In various embodiments, controller 2060 may be a uniprocessor system including one processor, or a multiprocessor system including several processors (e.g., two, four, eight, or another suitable number). Controller 2060 may include central processing units (CPUs) configured to implement any suitable instruction set architecture, and may be configured to execute instructions defined in that instruction set architecture. For example, in various embodiments controller 2060 may include general-purpose or embedded processors implementing any of a variety of instruction set architectures (ISAs), such as the x86, PowerPC, SPARC, RISC, or MIPS ISAs, or any other suitable ISA. In multiprocessor systems, each of the processors may commonly, but not necessarily, implement the same ISA. Controller 2060 may employ any microarchitecture, including scalar, superscalar, pipelined, superpipelined, out of order, in order, speculative, non-speculative, etc., or combinations thereof. Controller 2060 may include circuitry to implement microcoding techniques. Controller 2060 may include one or more processing cores each configured to execute instructions. Controller 2060 may include one or more levels of caches, which may employ any size and any configuration (set associative, direct mapped, etc.). In some embodiments, controller 2060 may include at least one graphics processing unit (GPU), which may include any suitable graphics processing circuitry. Generally, a GPU may be configured to render objects to be displayed into a frame buffer (e.g., one that includes pixel data for an entire frame). A GPU may include one or more graphics processors that may execute graphics software to perform a part or all of the graphics operation, or hardware acceleration of certain graphics operations. In some embodiments, controller 2060 may include one or more other components for processing and rendering video and/or images, for example image signal processors (ISPs), coder/decoders (codecs), etc.

Memory 2070 may include any type of memory, such as dynamic random access memory (DRAM), synchronous DRAM (SDRAM), double data rate (DDR, DDR2, DDR3, etc.) SDRAM (including mobile versions of the SDRAMs such as mDDR3, etc., or low power versions of the SDRAMs such as LPDDR2, etc.), RAMBUS DRAM (RDRAM), static RAM (SRAM), etc. In some embodiments, one or more memory devices may be coupled onto a circuit board to form memory modules such as single inline memory modules (SIMMs), dual inline memory modules (DIMMs), etc. Alternatively, the devices may be mounted with an integrated circuit implementing system in a chip-on-chip configuration, a package-on-package configuration, or a multi-chip module configuration. In some embodiments DRAM may be used as temporary storage of images or video for processing, but other storage options may be used to store processed data, such as Flash or other “hard drive” technologies.

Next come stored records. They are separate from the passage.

lemma linear_in_basis: "linear (in_basis e)"
proof (rule linearI)
  show "in_basis e (X + Z) = in_basis e X + in_basis e Z" for X Z
    by (simp add: in_basis_def matrix_matrix_mult_def vec_eq_iff sum.distrib
        distrib_left distrib_right)
  show "in_basis e (r *\<^sub>R X) = r *\<^sub>R in_basis e X" for r X
    by (simp add: in_basis_def matrix_scalar_ac scalar_matrix_assoc)
qed

lemma in_basis_cscale: "in_basis e (cscale c X) = cscale c (in_basis e X)"
  by (simp add: in_basis_def cscale_def matrix_matrix_mult_def vec_eq_iff sum_distrib_left mult_ac)

lemma in_basis_mult:
  assumes "orthonormal_family e"
  shows "in_basis e (A ** B) = in_basis e A ** in_basis e B"
proof -
  have "A ** B = A ** (column_matrix e ** adjoint_mat (column_matrix e)) ** B"
    by (simp add: column_matrix_mult_adjoint_self[OF assms])
  then show ?thesis
    by (simp add: in_basis_def matrix_mul_assoc)
qed

lemma column_matrix_conj_in_basis:
  assumes "orthonormal_family e"
  shows "column_matrix e ** in_basis e X ** adjoint_mat (column_matrix e) = X"
proof -
  let ?U = "column_matrix e"
  have "?U ** in_basis e X ** adjoint_mat ?U = (?U ** adjoint_mat ?U) ** X ** (?U ** adjoint_mat ?U)"
    by (simp add: in_basis_def matrix_mul_assoc)
  then show ?thesis
    by (simp add: column_matrix_mult_adjoint_self[OF assms])
qed

lemma inj_in_basis:
  assumes "orthonormal_family e"
  shows "inj (in_basis e)"
  by (rule injI) (metis column_matrix_conj_in_basis[OF assms])

lemma in_basis_sum_outer:
  assumes "orthonormal_family e"
  shows "in_basis e (\<Sum>i\<in>UNIV. cscale (d i) (outer (e i) (e i))) = diag_mat d"
proof -
  let ?U = "column_matrix e"
  have "in_basis e (?U ** diag_mat d ** adjoint_mat ?U)
      = (adjoint_mat ?U ** ?U) ** diag_mat d ** (adjoint_mat ?U ** ?U)"
    by (simp add: in_basis_def matrix_mul_assoc)
  then show ?thesis
    by (simp add: sum_outer_eq_column_matrix_diag adjoint_column_matrix_mult_self[OF assms])
qed

lemma in_basis_Rop:
  assumes e: "orthonormal_family e"
    and \<rho>: "\<rho> = (\<Sum>i\<in>UNIV. cscale (complex_of_real (p i)) (outer (e i) (e i)))"
  shows "in_basis e (Rop \<rho> X) = entrywise_scale (\<lambda>a b. (p a + p b) / 2) (in_basis e X)"
proof -
  let ?D = "diag_mat (\<lambda>i. complex_of_real (p i))"
  have "in_basis e (Rop \<rho> X) = (1/2::real) *\<^sub>R (?D ** in_basis e X + in_basis e X ** ?D)"
    by (simp add: Rop_def linear_scale[OF linear_in_basis] linear_add[OF linear_in_basis]
        in_basis_mult[OF e] in_basis_sum_outer[OF e] \<rho>)
  then show ?thesis
    by (simp add: vec_eq_iff entrywise_scale_def diag_mat_mult_nth mult_diag_mat_nth)
      (simp add: scaleR_conv_of_real algebra_simps)
qed

lemma in_basis_icomm_nth:
  assumes e: "orthonormal_family e"
    and \<rho>: "\<rho> = (\<Sum>i\<in>UNIV. cscale (complex_of_real (p i)) (outer (e i) (e i)))"
  shows "in_basis e (icomm \<rho> H) $ a $ b = \<i> * complex_of_real (p a - p b) * melem H e a b"
proof -
  let ?D = "diag_mat (\<lambda>i. complex_of_real (p i))"
  have "in_basis e (icomm \<rho> H) = cscale \<i> (?D ** in_basis e H - in_basis e H ** ?D)"
    by (simp add: icomm_def in_basis_cscale linear_diff[OF linear_in_basis]
        in_basis_mult[OF e] in_basis_sum_outer[OF e] \<rho>)
  then show ?thesis
    by (simp add: cscale_def diag_mat_mult_nth mult_diag_mat_nth in_basis_nth algebra_simps)
qed

lemma nstar_eq_card_nonvanishing_sums:
  assumes e: "orthonormal_family e"
    and \<rho>: "\<rho> = (\<Sum>i\<in>UNIV. cscale (complex_of_real (p i)) (outer (e i) (e i)))"
  shows "nstar \<rho> H = card {p i + p j | i j. p i \<noteq> p j \<and> melem H e i j \<noteq> 0}"
proof -
  let ?orbit = "\<lambda>k. (Rop \<rho> ^^ k) (icomm \<rho> H)"
  let ?l = "\<lambda>a b. (p a + p b) / 2"
  let ?Y = "in_basis e (icomm \<rho> H)"
  have "nstar \<rho> H = dim (span (range ?orbit))"
    unfolding nstar_def krylov_def by (rule arg_cong[OF UN_span_prefixes_eq_span_range])
  also have "\<dots> = dim (in_basis e ` span (range ?orbit))"
    using inj_in_basis[OF e]
    by (intro dim_image_eq[symmetric] linear_in_basis) (simp add: inj_on_def inj_def)
  also have "in_basis e ` span (range ?orbit) = span (range (\<lambda>k. (entrywise_scale ?l ^^ k) ?Y))"
    by (rule span_orbit_intertwined) (simp_all add: linear_in_basis in_basis_Rop[OF e \<rho>])
  also have "dim \<dots> = card (support_values ?l ?Y)"
    by (rule dim_span_orbit_entrywise_scale)
  also have "support_values ?l ?Y = (\<lambda>\<mu>. \<mu> / 2) ` {p i + p j | i j. p i \<noteq> p j \<and> melem H e i j \<noteq> 0}"
  proof -
    have "?Y $ a $ b \<noteq> 0 \<longleftrightarrow> p a \<noteq> p b \<and> melem H e a b \<noteq> 0" for a b
      by (simp add: in_basis_icomm_nth[OF e \<rho>])
    then show ?thesis
      unfolding support_values_def by blast
  qed
  also have "card \<dots> = card {p i + p j | i j. p i \<noteq> p j \<and> melem H e i j \<noteq> 0}"
    by (rule card_image) (simp add: inj_on_def)
  finally show ?thesis .
qed

theorem mainTheorem3:
  fixes \<rho> H :: "complex^'n^'n" and p :: "'n \<Rightarrow> real" and e :: "'n \<Rightarrow> complex^'n"
  assumes "density_matrix \<rho>"
    and "hermitian H"
    and "orthonormal_family e"
    and "\<rho> = (\<Sum>i\<in>UNIV. cscale (complex_of_real (p i)) (outer (e i) (e i)))"
  shows "nstar \<rho> H =
    card {p i + p j | i j. p i \<noteq> p j}
    - card {\<mu> \<in> {p i + p j | i j. p i \<noteq> p j}.
              \<forall>i j. p i \<noteq> p j \<and> p i + p j = \<mu> \<longrightarrow> melem H e i j = 0}"
proof -
  define S where "S = {p i + p j | i j. p i \<noteq> p j}"
  define J where "J = {\<mu> \<in> S. \<forall>i j. p i \<noteq> p j \<and> p i + p j = \<mu> \<longrightarrow> melem H e i j = 0}"
  have "finite S"
    unfolding S_def by (rule finite_subset[of _ "(\<lambda>(i, j). p i + p j) ` UNIV"]) auto
  have "J \<subseteq> S"
    by (auto simp: J_def)
  have "{p i + p j | i j. p i \<noteq> p j \<and> melem H e i j \<noteq> 0} = S - J"
    by (auto simp: S_def J_def) metis
  then have "nstar \<rho> H = card (S - J)"
    by (simp add: nstar_eq_card_nonvanishing_sums[OF assms(3,4)])
  also have "\<dots> = card S - card J"
    using \<open>finite S\<close> \<open>J \<subseteq> S\<close> by (simp add: card_Diff_subset finite_subset)
  finally show ?thesis
    unfolding S_def J_def .
qed

end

In some embodiments, device 2000 may include one or more sensors 2010 that collect information about the user's environment (video, depth information, lighting information, head motion and pose information etc.). The sensors 2010 may provide the information to the controller 2060 of the XR system. In some embodiments, the sensors 2010 may include, but are not limited to, at least one visible light camera (e.g., an RGB video camera) 2050, ambient light sensors, an IMU (inertial measurement unit), and at least one eye tracking camera 2020. In some embodiments, device 2000 may also include one or more IR light sources; light from the light sources reflected off the eye may be captured by the eye tracking camera 2020. Gaze tracking algorithms implemented by controller 2060 may process images or video of the eye captured by the camera 2020 to determine eye pose and gaze direction. In addition, one or more of the methods as illustrated in FIGS. 1 through 6 may be implemented in device 2000 to implement split-cadence gaze or eye tracking in a device.

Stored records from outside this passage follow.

lemma lambda1_argmin_medium_M:
  assumes "0 < eta" "eta \<le> 1" "0 \<le> M" "M \<le> 1" "(1 - sqrt eta)\<^sup>2 < M" "M \<le> 1 - eta"
  shows "is_arg_min (\<lambda>b. cmod (lambda1 eta M b)) (\<lambda>b. b \<in> {0..1}) 0"
proof -
  define s where "s = sqrt M"
  have s: "0 \<le> s" "s \<le> 1" "s\<^sup>2 = M"
    using assms by (simp_all add: s_def)
  have "1 - sqrt eta < s"
    using real_sqrt_less_mono[OF assms(5)] assms(2) by (simp add: s_def)
  then have "(1 - s)\<^sup>2 < eta"
    using s(2) assms(1) power_strict_mono[of "1 - s" "sqrt eta" 2] by simp
  have trace0: "trace_fun eta M 0 = (1 - s)\<^sup>2 - eta + 2 * s" and det0: "det_fun eta M 0 = s\<^sup>2"
    using s(3) by (simp_all add: trace_fun_eq det_fun_eq power2_eq_square algebra_simps)
  have "0 \<le> trace_fun eta M 0"
    using assms(2-4) by (rule trace_fun_nonneg) simp
  moreover have "trace_fun eta M 0 \<le> 2 * s"
    using trace0 \<open>(1 - s)\<^sup>2 < eta\<close> by simp
  ultimately have "(trace_fun eta M 0)\<^sup>2 \<le> 4 * det_fun eta M 0"
    using power_mono[of "trace_fun eta M 0" "2 * s" 2] det0 by (simp add: power_mult_distrib)
  then have "cmod (lambda1 eta M 0) = s"
    using s(1) det0 by (simp add: lambda1_eq_larger_root cmod_larger_root_nonreal)
  moreover have "s \<le> cmod (lambda1 eta M b)" if b: "b \<in> {0..1}" for b
  proof -
    have "0 \<le> (1 - eta - M) * (b - 0)"
      using assms(6) b by simp
    then have "s\<^sup>2 \<le> det_fun eta M b"
      using det_fun_diff[of eta M b 0] det0 by simp
    then show ?thesis
      using assms b by (intro le_cmod_lambda1_if_sq_le_det) auto
  qed
  ultimately show ?thesis
    by (simp add: is_arg_min_linorder)
qed

theorem corollary1p3:
  fixes eta M :: real
  assumes "0 < eta" "eta \<le> 1" "0 \<le> M" "M \<le> 1"
  shows "(M \<le> (1 - sqrt eta)^2 \<longrightarrow>
            is_arg_min (\<lambda>b. cmod (lambda1 eta M b)) (\<lambda>b. b \<in> {0..1})
              (1 - eta / (1 - sqrt M)^2))
       \<and> ((1 - sqrt eta)^2 < M \<and> M \<le> 1 - eta \<longrightarrow>
            is_arg_min (\<lambda>b. cmod (lambda1 eta M b)) (\<lambda>b. b \<in> {0..1}) 0)
       \<and> (1 - eta \<le> M \<longrightarrow>
            is_arg_min (\<lambda>b. cmod (lambda1 eta M b)) (\<lambda>b. b \<in> {0..1})
              (1 - eta / (1 + sqrt M)^2))"
  using lambda1_argmin_small_M[OF assms] lambda1_argmin_medium_M[OF assms]
    lambda1_argmin_large_M[OF assms]
  by blast

end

In some embodiments, device 2000 may be configured to render and display frames to provide an augmented or mixed reality (MR) view for the user based at least in part according to sensor inputs, including input from the eye tracking camera 2020. The MR view may include renderings of the user's environment, including renderings of real objects in the user's environment, based on video captured by one or more video cameras that capture high-quality, high-resolution video of the user's environment for display. The MR view may also include virtual content (e.g., virtual objects, virtual tags for real objects, avatars of the user, etc.) generated by the XR system and composited with the displayed view of the user's real environment.

Extended Reality

A real environment refers to an environment that a person can perceive (e.g., see, hear, feel) without use of a device. For example, an office environment may include furniture such as desks, chairs, and filing cabinets; structural items such as doors, windows, and walls; and objects such as electronic devices, books, and writing instruments. A person in a real environment can perceive the various aspects of the environment, and may be able to interact with objects in the environment.

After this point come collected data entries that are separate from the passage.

lemma two_digits_eq_iff:
  assumes "y < n" "y' < (n::nat)"
  shows "x * n + y = x' * n + y' \<longleftrightarrow> x = x' \<and> y = y'"
proof
  assume eq: "x * n + y = x' * n + y'"
  have "(x * n + y) div n = (x' * n + y') div n" "(x * n + y) mod n = (x' * n + y') mod n"
    using eq by simp_all
  then show "x = x' \<and> y = y'" using assms by simp
qed simp

lemma bij_betw_if_surj_card_eq:
  assumes "finite X" "card X = card Y" "f ` X \<subseteq> Y" "Y \<subseteq> f ` X"
  shows "bij_betw f X Y"
proof (rule bij_betw_imageI)
  show "f ` X = Y" using assms(3,4) by blast
  then show "inj_on f X" using assms(1,2) by (metis eq_card_imp_inj_on)
qed

lemma covering_columns_unique:
  fixes A :: "'r \<Rightarrow> nat \<Rightarrow> nat"
  assumes "finite T"
    and range: "\<forall>r\<in>T. \<forall>c<n ^ card T. A r c < n"
    and cover: "\<And>g. \<forall>r\<in>T. g r < n \<Longrightarrow> \<exists>c<n ^ card T. \<forall>r\<in>T. A r c = g r"
    and f: "\<forall>r\<in>T. f r < n"
  shows "\<exists>!c. c < n ^ card T \<and> (\<forall>r\<in>T. A r c = f r)"
proof -
  define column where "column c = restrict (\<lambda>r. A r c) T" for c
  have "column ` {..<n ^ card T} = (T \<rightarrow>\<^sub>E {..<n})"
  proof
    show "column ` {..<n ^ card T} \<subseteq> T \<rightarrow>\<^sub>E {..<n}" using range by (auto simp: column_def)
    show "T \<rightarrow>\<^sub>E {..<n} \<subseteq> column ` {..<n ^ card T}"
    proof
      fix g assume g: "g \<in> T \<rightarrow>\<^sub>E {..<n}"
      then obtain c where "c < n ^ card T" "\<forall>r\<in>T. A r c = g r" using cover[of g] by auto
      moreover from this have "column c = g" using g by (auto simp: column_def PiE_def extensional_def)
      ultimately show "g \<in> column ` {..<n ^ card T}" by blast
    qed
  qed
  moreover have "card (T \<rightarrow>\<^sub>E {..<n}) = n ^ card T" using \<open>finite T\<close> by (simp add: card_PiE)
  ultimately have inj: "inj_on column {..<n ^ card T}" by (intro eq_card_imp_inj_on) simp_all
  obtain c where c: "c < n ^ card T" "\<forall>r\<in>T. A r c = f r" using cover[OF f] by blast
  show ?thesis
  proof (rule ex1I[of _ c])
    fix c' assume c': "c' < n ^ card T \<and> (\<forall>r\<in>T. A r c' = f r)"
    then have "column c' = column c" using c by (auto simp: column_def)
    then show "c' = c" using inj c c' by (auto dest: inj_onD)
  qed (use c in blast)
qed

lemma sudoku_top_justified_two_bands:
  assumes "a \<in> {1..s}" "b \<in> {1..s}" "a \<noteq> b"
  shows "sudoku_top_justified s {(a,1),(a,2),(b,1),(b,2)}"
  using assms by (auto simp: sudoku_top_justified_def sa_rows_def)

lemma sudoku_top_justified_box:
  assumes "3 \<le> i" "i \<le> s"
  shows "sudoku_top_justified s {(1,1),(2,1),(i,1),(i,2)}"
  using assms by (auto simp: sudoku_top_justified_def sa_rows_def)

lemma sudoku_top_justified_cases:
  assumes "sudoku_top_justified s T"
  obtains a b where "a \<in> {1..s}" "b \<in> {1..s}" "a \<noteq> b" "T = {(a,1),(a,2),(b,1),(b,2)}"
  | i where "3 \<le> i" "i \<le> s" "T = {(1,1),(2,1),(i,1),(i,2)}"
proof -
  define B where "B = {i. (i,1) \<in> T}"
  define B2 where "B2 = {i. (i,2) \<in> T}"
  have T_rows: "T \<subseteq> {1..s} \<times> {1,2}" and card_T: "card T = 4"
    and upper: "\<And>i. (i, 2) \<in> T \<Longrightarrow> (i, 1) \<in> T"
    and lower: "\<And>i. 3 \<le> i \<Longrightarrow> (i, 1) \<in> T \<Longrightarrow> (i, 2) \<in> T"
    using assms by (auto simp: sudoku_top_justified_def sa_rows_def)
  have B2_B: "B2 \<subseteq> B" using upper by (auto simp: B_def B2_def)
  have B_s: "B \<subseteq> {1..s}" using T_rows by (auto simp: B_def)
  have B_B2: "B - B2 \<subseteq> {1,2}"
  proof
    fix i assume "i \<in> B - B2"
    then have "1 \<le> i" "\<not> 3 \<le> i" using B_s lower by (auto simp: B_def B2_def)
    then show "i \<in> {1,2}" by auto
  qed
  have fin: "finite B" "finite B2" using B_s B2_B by (auto intro: finite_subset)
  have T_eq: "T = B \<times> {1} \<union> B2 \<times> {2}" using T_rows by (auto simp: B_def B2_def)
  have "card (B \<times> {1::nat} \<union> B2 \<times> {2}) = card B + card B2"
    using fin by (subst card_Un_disjoint) (auto simp: card_cartesian_product)
  then have card_B: "card B + card B2 = 4" using card_T T_eq by simp
  show thesis
  proof (cases "B2 = B")
    case True
    then have "card B = 2" using card_B by simp
    then obtain a b where "B = {a,b}" "a \<noteq> b" by (auto simp: card_2_iff)
    moreover have "T = {(a,1),(a,2),(b,1),(b,2)}" using T_eq True calculation by auto
    ultimately show thesis using that(1) B_s by auto
  next
    case False
    then have "card B2 < card B" using B2_B fin by (simp add: psubset_card_mono)
    moreover have card_diff: "card (B - B2) = card B - card B2"
      using fin(2) B2_B by (rule card_Diff_subset)
    moreover have "card (B - B2) \<le> 2" using card_mono[OF _ B_B2] by simp
    ultimately have "card B = 3" "card B2 = 1" using card_B by linarith+
    then have "card (B - B2) = card {1::nat, 2}" using card_diff by simp
    then have "B - B2 = {1,2}" using B_B2 by (intro card_subset_eq) auto
    moreover obtain i where "B2 = {i}" using \<open>card B2 = 1\<close> by (auto simp: card_1_singleton_iff)
    ultimately have "B = {1,2,i}" "i \<notin> {1,2}" using B2_B by auto
    moreover from this have "3 \<le> i" "i \<le> s" using B_s by auto
    ultimately show thesis using that(2) T_eq \<open>B2 = {i}\<close> by auto
  qed
qed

An extended reality (XR) environment, on the other hand, is partially or entirely simulated using an electronic device. In an XR environment, for example, a user may see or hear computer generated content that partially or wholly replaces the user's perception of the real environment. Additionally, a user can interact with an XR environment. For example, the user's movements can be tracked and virtual objects in the XR environment can change in response to the user's movements. As a further example, a device presenting an XR environment to a user may determine that a user is moving their hand toward the virtual position of a virtual object, and may move the virtual object in response. Additionally, a user's head position and/or eye gaze can be tracked and virtual objects can move to stay in the user's line of sight.

Examples of XR include augmented reality (AR), virtual reality (VR) and mixed reality (MR). XR can be considered along a spectrum of realities, where VR, on one end, completely immerses the user, replacing the real environment with virtual content, and on the other end, the user experiences the real environment unaided by a device. In between are AR and MR, which mix virtual content with the real environment.

VR generally refers to a type of XR that completely immerses a user and replaces the user's real environment. For example, VR can be presented to a user using a head mounted device (HMD), which can include a near-eye display to present a virtual visual environment to the user and headphones to present a virtual audible environment. In a VR environment, the movement of the user can be tracked and cause the user's view of the environment to change. For example, a user wearing a HMD can walk in the real environment and the user will appear to be walking through the virtual environment they are experiencing. Additionally, the user may be represented by an avatar in the virtual environment, and the user's movements can be tracked by the HMD using various sensors to animate the user's avatar.

AR and MR refer to a type of XR that includes some mixture of the real environment and virtual content. For example, a user may hold a tablet that includes a camera that captures images of the user's real environment. The tablet may have a display that displays the images of the real environment mixed with images of virtual objects. AR or MR can also be presented to a user through an HMD. An HMD can have an opaque display, or can use a see-through display, which allows the user to see the real environment through the display, while displaying virtual content overlaid on the real environment.

The methods described herein may be implemented in software, hardware, or a combination thereof, in different embodiments. In addition, the order of the blocks of the methods may be changed, and various elements may be added, reordered, combined, omitted, modified, etc. Various modifications and changes may be made as would be obvious to a person skilled in the art having the benefit of this disclosure. The various embodiments described herein are meant to be illustrative and not limiting. Many variations, modifications, additions, and improvements are possible. Accordingly, plural instances may be provided for components described herein as a single instance. Boundaries between various components, operations and data stores are somewhat arbitrary, and particular operations are illustrated in the context of specific illustrative configurations. Other allocations of functionality are envisioned and may fall within the scope of claims that follow. Finally, structures and functionality presented as discrete components in the example configurations may be implemented as a combined structure or component. These and other variations, modifications, additions, and improvements may fall within the scope of embodiments as defined in the claims that follow.